Reminded that Parliament had frozen delimitation of constituencies till the next Census of India in 2001, Khurana reactedsaying, ``only if we get working on it now, will things get done by 2001''.

Confident that opposition parties will not cut down the bill, Khurana said the entire exercise, including the decision to table it in Parliament would be preceded by consultations with major political parties and an assessment of the kind of support that the bill would muster in Parliament.

``It is not the BJP that will re-draw the map'', he counters. Denying that the BJP will resort to jerry-mandering he said the government would entrust the task to a technical commission headed by a retired Supreme Court judge which would visit every part of the country before suggesting any changes.

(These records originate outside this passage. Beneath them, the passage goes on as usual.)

lemma sinh_moment_eq:
  assumes "b \<le> a"
  shows "sinh_moment a b = (if b < a then 0 else 2^a * fact a)"
proof -
  define E where "E = fps_exp (1::real) - fps_exp (-1)"
  define g where "g = Abs_fps (\<lambda>k. E $ (k+1))"
  have E: "E = fps_X * g"
  proof (rule fps_ext)
    fix n show "E $ n = (fps_X * g) $ n"
      by (cases n) (simp add: E_def, simp add: g_def)
  qed
  have g0: "g $ 0 = 2" by (simp add: g_def E_def)
  have "E^a = fps_X^a * g^a" by (simp add: E power_mult_distrib)
  hence "E^a $ b = (if b < a then 0 else 2^a)"
    using assms g0 by (simp add: fps_X_power_mult_nth fps_nth_power_0)
  with sinh_moment_fps[of a b] assms show ?thesis
    by (auto simp: E_def divide_eq_eq split: if_splits)
qed

lemma multi_idx_le: "\<alpha> \<in> multi_idx n m \<Longrightarrow> \<alpha> i \<le> m"
  unfolding multi_idx_def
  by (cases "i < n") (auto intro!: member_le_sum[of i "{..<n}" \<alpha>, simplified] elim: ord_le_eq_trans)

lemma finite_multi_idx: "finite (multi_idx n m)"
proof -
  let ?ext = "\<lambda>f i. if i < n then f i else 0"
  have "multi_idx n m \<subseteq> ?ext ` PiE {..<n} (\<lambda>_. {..m})"
  proof
    fix \<alpha> assume \<alpha>: "\<alpha> \<in> multi_idx n m"
    have "\<alpha> = ?ext (restrict \<alpha> {..<n})"
      using \<alpha> by (auto simp: multi_idx_def fun_eq_iff)
    moreover have "restrict \<alpha> {..<n} \<in> PiE {..<n} (\<lambda>_. {..m})"
      using multi_idx_le[OF \<alpha>] by auto
    ultimately show "\<alpha> \<in> ?ext ` PiE {..<n} (\<lambda>_. {..m})" by blast
  qed
  then show ?thesis by (rule finite_subset) (simp add: finite_PiE)
qed

lemma multi_idx_nonempty: "n \<ge> 1 \<Longrightarrow> multi_idx n m \<noteq> {}"
proof -
  assume "n \<ge> 1"
  then have "(\<lambda>k. if k = 0 then m else 0) \<in> multi_idx n m"
    by (auto simp: multi_idx_def sum.delta)
  then show ?thesis by blast
qed

lemma multi_idx_less_coord:
  assumes "\<alpha> \<in> multi_idx n m" "\<beta> \<in> multi_idx n m" "\<beta> \<noteq> \<alpha>"
  shows "\<exists>i<n. \<beta> i < \<alpha> i"
proof (rule ccontr)
  assume "\<not> (\<exists>i<n. \<beta> i < \<alpha> i)"
  hence le: "\<forall>i\<in>{..<n}. \<alpha> i \<le> \<beta> i" by auto
  have "\<alpha> i = \<beta> i" if "i < n" for i
  proof (rule ccontr)
    assume "\<alpha> i \<noteq> \<beta> i"
    with le that have "sum \<alpha> {..<n} < sum \<beta> {..<n}"
      by (intro sum_strict_mono_ex1) force+
    thus False using assms by (simp add: multi_idx_def)
  qed
  moreover have "\<alpha> i = \<beta> i" if "i \<ge> n" for i
    using assms that by (simp add: multi_idx_def)
  ultimately have "\<alpha> = \<beta>" by (metis ext not_le)
  thus False using assms by simp
qed

lemma norm_le_1_of_lp_ball:
  assumes "x \<in> lp_ball m n" "m \<ge> 1" "i < n"
  shows "norm (x i) \<le> 1"
proof (rule ccontr)
  assume "\<not> norm (x i) \<le> 1"
  hence "1 < norm (x i) ^ m" using assms(2) by (simp add: one_less_power)
  also have "norm (x i) ^ m \<le> (\<Sum>k<n. norm (x k) ^ m)"
    using assms(3) by (intro member_le_sum) auto
  also have "\<dots> \<le> 1" using assms(1) by (simp add: lp_ball_def)
  finally show False by simp
qed

lemma zero_in_lp_ball: "m \<ge> 1 \<Longrightarrow> (\<lambda>_. 0) \<in> lp_ball m n"
  by (cases m) (simp_all add: lp_ball_def)

lemma bdd_above_hpoly_eval:
  fixes a :: "(nat \<Rightarrow> nat) \<Rightarrow> 'a::real_normed_field"
  assumes "m \<ge> 1"
  shows "bdd_above ((\<lambda>x. norm (hpoly_eval n m a x)) ` (lp_ball m n :: (nat \<Rightarrow> 'a) set))"
proof (rule bdd_aboveI2)
  fix x :: "nat \<Rightarrow> 'a" assume x: "x \<in> lp_ball m n"
  have monom: "norm (monom_eval n \<beta> x) \<le> 1" for \<beta>
    unfolding monom_eval_def prod_norm[symmetric]
    by (rule prod_le_1) (auto simp: norm_power intro!: power_le_one norm_le_1_of_lp_ball[OF x assms])
  have "norm (hpoly_eval n m a x) \<le> (\<Sum>\<beta>\<in>multi_idx n m. norm (a \<beta> * monom_eval n \<beta> x))"
    unfolding hpoly_eval_def by (rule norm_sum)
  also have "\<dots> \<le> (\<Sum>\<beta>\<in>multi_idx n m. norm (a \<beta>))"
    by (intro sum_mono) (auto simp: norm_mult intro!: mult_left_le monom)
  finally show "norm (hpoly_eval n m a x) \<le> (\<Sum>\<beta>\<in>multi_idx n m. norm (a \<beta>))" .
qed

The backdrop to the vociferous demands for delimitation of constituencies from across the political spectrum follows from the growth of the population. This growth has been on two counts: a quantum jump in the population since the last delimitation exercise in 1971 and the anomalous growth of the population in different constituencies.

In thecapital alone, Chandni Chowk constituency has less than 4 lakh voters, while the Outer Delhi constituency has more than 28 lakh voters though both are represented by a single MP each in the Lok Sabha. This means that the value of one vote in Outer Delhi is about one-seventh of that in Chandni Chowk.

In the early years after Independence, the job of delimitation was entrusted to an independent Commission and was based on the 1951 Census. Ten years later, yet another delimitation Commission set up after the third general elections in 1963, increased the size of the Lok Sabha from 481 to 490 seats.

The next Census in 1971, was followed by yet another delimitation exercise which completed its task in 1975, increasing the total number of elected seats in the Lok Sabha to its current strength of 543.

The standing guideline for the seat-population ratio was roughly the same for the entire country: a population of 10 lakh would be represented by one member of the Lok Sabha, with the arrangement to be reviewedafter each decennial census.

But the regular delimitation exercises after each census raised apprehensions among some states, and the Southern states in particular, that their family planning and population control success would reduce their representation to the Lok Sabha. The result: the 42nd Amendment passed by Parliament froze the population figure to that of the 1971 Census and delimitation was put on hold till 2001.

Meanwhile, the lowering of the voting age to 18, the tremendous increase in population and the intensive revision of electoral rolls just prior to the 1998 Lok Sabha elections have all contributed in pushing the number of registered voters to over 630 million from among a total population of 950 million.

With the Election Commission expecting candidates to stick to the poll expenditure limit of Rs 15 lakh, parties across the political spectrum feel the size of the constituency has to be rationalised.

The EC has also offered that it could part of any non-partisan technical body setup to go into the actual redrawing of the map. ``This would prevent any attempts at jerry-mandering'', according to Chief Election Commissioner MS Gill.